Select the lines of the records containing the word "values" and list them.

• [The records]:
⁂

theory Submission
  imports Defs
begin

(* The proof has three ingredients.
   (1) Arithmetic of the cut-and-project set Lambda_F: for x = m cos - n sin one has
       lambda x + lambda^* x^* = a m + b n, an integer, so every orbit point lies on
       L_alpha; and since tan theta is irrational the star values m sin + n cos are dense
       in R, so the star coordinates x_j^* are dense in [0, cos + sin).
   (2) The enumeration of Lambda_F: consecutive points differ by the height of the
       fibre of X over x_j^* (cos or sin), and every real lies in exactly one cell
       [x_j, x_{j+1}); this makes phi well defined.
   (3) A normal form on the box: it is invariant under the gluing relation of X, so
       phi(t, y) is glued to a point (xi, eta, 0) of M only when t is a lattice point x_j.
   The main theorem combines (3) to identify phi(ell_alpha) \<inter> M with the orbit,
   and (1) to show the orbit lies in L_alpha and is dense there. *)

lemma rmod_bounds:
  assumes "c > 0" shows "0 \<le> rmod y c" and "rmod y c < c"
proof -
  have "c * of_int \<lfloor>y/c\<rfloor> \<le> c * (y/c)" and "c * (y/c) < c * (of_int \<lfloor>y/c\<rfloor> + 1)"
    using assms by (intro mult_left_mono mult_strict_left_mono; linarith)+
  then show "0 \<le> rmod y c" and "rmod y c < c"
    using assms by (simp_all add: rmod_def algebra_simps)
qed

lemma rmod_shift:
  assumes "c \<noteq> 0" shows "rmod (y + of_int k * c) c = rmod y c"
proof -
  have "\<lfloor>(y + of_int k * c)/c\<rfloor> = \<lfloor>y/c\<rfloor> + k"
    using assms by (simp add: add_divide_distrib)
  then show ?thesis unfolding rmod_def by (simp add: algebra_simps)
qed

lemma rmod_id:
  assumes "0 \<le> y" and "y < c" shows "rmod y c = y"
proof -
  have "\<lfloor>y/c\<rfloor> = 0" using assms by (simp add: floor_eq_iff)
  then show ?thesis by (simp add: rmod_def)
qed

lemma rmod_diff:
  obtains k :: int where "rmod u c - rmod v c - of_int k * c = u - v"
  by (rule that[of "\<lfloor>v/c\<rfloor> - \<lfloor>u/c\<rfloor>"]) (simp add: rmod_def algebra_simps)

subsection \<open>The star map and the density of its values\<close>

(* Irrationality of tan theta makes (m, n) \<mapsto> m cos - n sin injective,
   so the star map is given by the expected formula. *)
lemma star_eq:
  assumes "cos \<theta> > 0" and "tan \<theta> \<notin> \<rat>"
  shows "star \<theta> (of_int m * cos \<theta> - of_int n * sin \<theta>) = of_int m * sin \<theta> + of_int n * cos \<theta>"
  unfolding star_def
proof (rule the_equality)
  fix s assume "\<exists>m' n'::int. of_int m * cos \<theta> - of_int n * sin \<theta> = of_int m' * cos \<theta> - of_int n' * sin \<theta>
      \<and> s = of_int m' * sin \<theta> + of_int n' * cos \<theta>"
  then obtain m' n' :: int
    where e: "of_int m * cos \<theta> - of_int n * sin \<theta> = of_int m' * cos \<theta> - of_int n' * sin \<theta>"
      and s: "s = of_int m' * sin \<theta> + of_int n' * cos \<theta>" by blast
  have e': "of_int (m - m') * cos \<theta> = of_int (n - n') * sin \<theta>"
    using e by (simp add: algebra_simps)
  have "n = n'"
  proof (rule ccontr)
    assume "n \<noteq> n'"
    then have "tan \<theta> = of_int (m - m') / of_int (n - n')"
      using e' assms(1) by (simp add: tan_def field_simps)
    then show False using assms(2) by simp
  qed
  with e' assms(1) have "m = m'" by simp
  with s \<open>n = n'\<close> show "s = of_int m * sin \<theta> + of_int n * cos \<theta>" by simp
qed blast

⁂

• [Exercise result]:
       L_alpha; and since tan theta is irrational the star values m sin + n cos are dense
subsection \<open>The star map and the density of its values\<close>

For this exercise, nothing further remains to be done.